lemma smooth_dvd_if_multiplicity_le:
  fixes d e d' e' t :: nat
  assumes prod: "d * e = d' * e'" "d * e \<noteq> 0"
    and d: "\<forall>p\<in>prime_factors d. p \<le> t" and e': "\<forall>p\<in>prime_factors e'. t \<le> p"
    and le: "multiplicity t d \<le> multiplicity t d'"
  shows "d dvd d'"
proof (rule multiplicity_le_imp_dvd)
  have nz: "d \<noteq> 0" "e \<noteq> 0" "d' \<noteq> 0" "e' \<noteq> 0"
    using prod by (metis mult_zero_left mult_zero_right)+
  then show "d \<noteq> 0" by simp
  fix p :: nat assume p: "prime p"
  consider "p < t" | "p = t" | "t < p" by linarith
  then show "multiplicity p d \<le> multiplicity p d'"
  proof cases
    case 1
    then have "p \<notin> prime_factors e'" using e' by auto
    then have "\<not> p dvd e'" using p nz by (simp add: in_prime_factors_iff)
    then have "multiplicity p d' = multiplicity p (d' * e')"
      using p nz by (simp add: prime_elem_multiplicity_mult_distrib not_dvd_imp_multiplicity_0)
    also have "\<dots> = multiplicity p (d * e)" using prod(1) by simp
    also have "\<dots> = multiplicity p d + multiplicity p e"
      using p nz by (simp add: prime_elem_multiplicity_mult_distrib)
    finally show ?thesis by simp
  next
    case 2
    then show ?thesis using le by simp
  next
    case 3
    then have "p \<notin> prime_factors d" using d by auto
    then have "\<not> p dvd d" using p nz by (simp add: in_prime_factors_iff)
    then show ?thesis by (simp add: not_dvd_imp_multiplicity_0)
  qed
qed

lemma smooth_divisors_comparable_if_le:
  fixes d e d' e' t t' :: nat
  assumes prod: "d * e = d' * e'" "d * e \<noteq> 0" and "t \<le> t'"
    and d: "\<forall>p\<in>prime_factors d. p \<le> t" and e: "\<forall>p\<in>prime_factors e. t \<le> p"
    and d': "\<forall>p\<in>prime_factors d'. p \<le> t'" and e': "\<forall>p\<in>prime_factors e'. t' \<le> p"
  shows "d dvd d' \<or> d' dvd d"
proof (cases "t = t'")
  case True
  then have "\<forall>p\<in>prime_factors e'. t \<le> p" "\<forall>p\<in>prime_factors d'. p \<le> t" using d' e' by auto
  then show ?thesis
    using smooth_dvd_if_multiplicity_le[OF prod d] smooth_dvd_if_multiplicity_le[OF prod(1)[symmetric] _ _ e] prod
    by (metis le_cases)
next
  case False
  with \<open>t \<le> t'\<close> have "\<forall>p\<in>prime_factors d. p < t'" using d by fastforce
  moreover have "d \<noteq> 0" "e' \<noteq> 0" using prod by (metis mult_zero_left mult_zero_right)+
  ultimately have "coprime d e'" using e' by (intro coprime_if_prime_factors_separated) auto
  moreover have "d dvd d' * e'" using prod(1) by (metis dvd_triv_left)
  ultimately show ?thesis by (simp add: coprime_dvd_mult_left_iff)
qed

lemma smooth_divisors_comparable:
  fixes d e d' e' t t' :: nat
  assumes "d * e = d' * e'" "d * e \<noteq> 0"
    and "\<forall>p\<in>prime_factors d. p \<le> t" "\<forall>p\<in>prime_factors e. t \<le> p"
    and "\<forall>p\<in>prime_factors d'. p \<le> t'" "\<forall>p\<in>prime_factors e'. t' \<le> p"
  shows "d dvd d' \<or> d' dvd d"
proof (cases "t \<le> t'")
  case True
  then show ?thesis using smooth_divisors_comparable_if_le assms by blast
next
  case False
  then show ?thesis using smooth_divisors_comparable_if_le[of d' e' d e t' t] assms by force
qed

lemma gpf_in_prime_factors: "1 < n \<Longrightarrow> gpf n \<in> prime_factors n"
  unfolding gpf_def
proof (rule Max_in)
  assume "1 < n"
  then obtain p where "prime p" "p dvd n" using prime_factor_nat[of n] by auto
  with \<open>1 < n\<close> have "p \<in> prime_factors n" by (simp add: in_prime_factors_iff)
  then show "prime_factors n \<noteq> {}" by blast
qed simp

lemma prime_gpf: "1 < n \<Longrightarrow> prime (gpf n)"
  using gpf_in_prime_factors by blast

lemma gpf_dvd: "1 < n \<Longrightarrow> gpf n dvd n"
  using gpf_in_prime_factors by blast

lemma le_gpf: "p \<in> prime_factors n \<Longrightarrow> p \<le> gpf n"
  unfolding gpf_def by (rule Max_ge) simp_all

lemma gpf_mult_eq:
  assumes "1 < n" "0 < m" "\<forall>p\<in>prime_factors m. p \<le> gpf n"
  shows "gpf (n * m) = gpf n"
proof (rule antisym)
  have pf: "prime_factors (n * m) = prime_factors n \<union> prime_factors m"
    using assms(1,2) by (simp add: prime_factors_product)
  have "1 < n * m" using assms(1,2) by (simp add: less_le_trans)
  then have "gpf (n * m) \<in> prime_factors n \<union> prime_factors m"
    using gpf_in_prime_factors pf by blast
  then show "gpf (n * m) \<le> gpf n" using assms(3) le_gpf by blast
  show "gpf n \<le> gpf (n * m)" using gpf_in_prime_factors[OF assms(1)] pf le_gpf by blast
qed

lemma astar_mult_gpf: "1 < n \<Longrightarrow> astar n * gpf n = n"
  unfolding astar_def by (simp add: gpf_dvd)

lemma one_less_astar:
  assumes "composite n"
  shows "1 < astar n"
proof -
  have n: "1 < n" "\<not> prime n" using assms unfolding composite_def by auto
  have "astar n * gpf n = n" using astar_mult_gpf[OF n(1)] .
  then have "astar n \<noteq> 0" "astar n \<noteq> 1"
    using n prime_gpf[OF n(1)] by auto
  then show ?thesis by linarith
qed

(Assignment)
The reply should consist of one number, the count of lines above with the string "dots" in them.

(Response)
2